Cloud Atlas was the best film of 2012. It was and remains a misunderstood masterpiece that, in time, will be turned into the cinematic classic its ambitions aimed for. Working together, the Wachowskis and Tykwer have taken the complicated novel by David Mitchell and fashioned it into a genre-crossing complication of individual movie archetypes (the period piece, the future shock, the ’70s activist, the ’80s British comedy of manners) that meld together to form one emotional and entertainment epiphany after the other. The result is a remarkable, complicated experience. On the one hand you marvel at the meticulous moviemaking acumen at play. On the other, you’re stunned by how prescient it ends up being.

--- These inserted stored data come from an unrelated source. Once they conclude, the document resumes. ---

text \<open>
  Write the walk as \<open>P = D\<^sup>-\<^sup>1 K\<close>, with \<open>K\<close> the symmetric matrix of edge weights (the loop
  weighing \<open>2\<close>) and \<open>D\<close> the diagonal of degrees. Since \<open>P\<close> has row sums \<open>1\<close> and stationary
  vector \<open>\<pi> = D 1 / 2|E|\<close>, the characteristic polynomial of \<open>P\<close> is \<open>(x - 1) Q\<close> where the
  nonzero roots of \<open>Q\<close> are eigenvalues of \<open>P\<close> whose eigenvectors are orthogonal to \<open>D 1\<close>. For
  such an eigenvalue, reality of the generalized eigenproblem \<open>K g = \<mu> D g\<close> yields a real
  eigenfunction \<open>g\<close> with \<open>\<Sum> deg g = 0\<close>; let \<open>z\<close> maximise \<open>g\<^sup>2\<close>, so that
  \<open>S = \<Sum> deg g\<^sup>2 \<le> 2|E| g(z)\<^sup>2\<close>.

  Since \<open>g\<close> changes sign, Cauchy-Schwarz along a shortest path from \<open>z\<close> to a vertex \<open>w\<close> with
  \<open>g(z) g(w) \<le> 0\<close> gives \<open>g(z)\<^sup>2 \<le> diam \<cdot> \<Sum>\<^bsub>edges\<^esub> (g x - g y)\<^sup>2 = diam (1 - \<mu>) S\<close>.
  For \<open>1 + \<mu>\<close>, write \<open>g(z)\<close> as an alternating sum of \<open>g x + g y\<close> along a shortest path to the
  loop vertex \<open>r\<close>, plus \<open>\<plusminus> g(r)\<close>; the loop contributes \<open>8 g(r)\<^sup>2\<close> to
  \<open>\<Sum> K (g x + g y)\<^sup>2 = 2 (1 + \<mu>) S\<close>, giving \<open>g(z)\<^sup>2 \<le> (diam + 1/4) (1 + \<mu>) S\<close>. Both bounds
  give \<open>1 - |\<mu>| \<ge> 1 / ((2 diam + 1) |E|)\<close>.
\<close>

section \<open>Shortest paths\<close>

lemma is_walk_cut_cycle:
  assumes walk: "is_walk adj vs" and ij: "i < j" "j < length vs" "vs ! i = vs ! j"
  shows "is_walk adj (take (Suc i) vs @ drop (Suc j) vs)"
proof -
  define ws where "ws = take (Suc i) vs @ drop (Suc j) vs"
  have len: "length ws = length vs - (j - i)"
    using ij unfolding ws_def by auto
  have prefix: "ws ! m = vs ! m" if "m \<le> i" for m
    using ij that unfolding ws_def by (auto simp: nth_append)
  have suffix: "ws ! (Suc i + m) = vs ! (Suc j + m)" if "Suc i + m < length ws" for m
    using ij that unfolding ws_def by (auto simp: nth_append)
  have step: "adj (vs ! m) (vs ! Suc m)" if "Suc m < length vs" for m
    using walk that unfolding is_walk_def by auto
  have "is_walk adj ws"
    unfolding is_walk_def
  proof (intro conjI allI impI)
    show "ws \<noteq> []"
      using ij unfolding ws_def by auto
    fix m assume m: "Suc m < length ws"
    consider "Suc m \<le> i" | "m = i" | t where "m = Suc i + t"
      by (metis add_Suc less_imp_Suc_add not_less_eq_eq order.order_iff_strict)
    then show "adj (ws ! m) (ws ! Suc m)"
    proof cases
      case 1
      then show ?thesis using prefix[of m] prefix[of "Suc m"] step[of m] ij by auto
    next
      case 2
      then show ?thesis using prefix[of m] suffix[of 0] step[of j] m ij len by auto
    next
      case (3 t)
      then show ?thesis using suffix[of t] suffix[of "Suc t"] step[of "Suc j + t"] m len ij by auto
    qed
  qed
  then show ?thesis
    unfolding ws_def .
qed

This is an unbridled success, a spectacular expression of the spirit of mankind synthesized into a storyline that ties seemingly divergent elements together in graceful, elegant ways. Music makes Berry’s character continue her probe of Grant, while a clone’s cobbled-together memories of a bawdy publisher’s problems become the foundation for a far off distant faith. Elements in the past play heavily in arenas in the present, while small asides add up to big payoffs in the end. This is what film as an artform is about — the transportation of the audience to somewhere they’ve never been, to see things they never would normally experience. While it doesn’t always work flawlessly, it does consistently amaze, turning the title into a map of everyone’s interwoven experiences. It’s a true gem.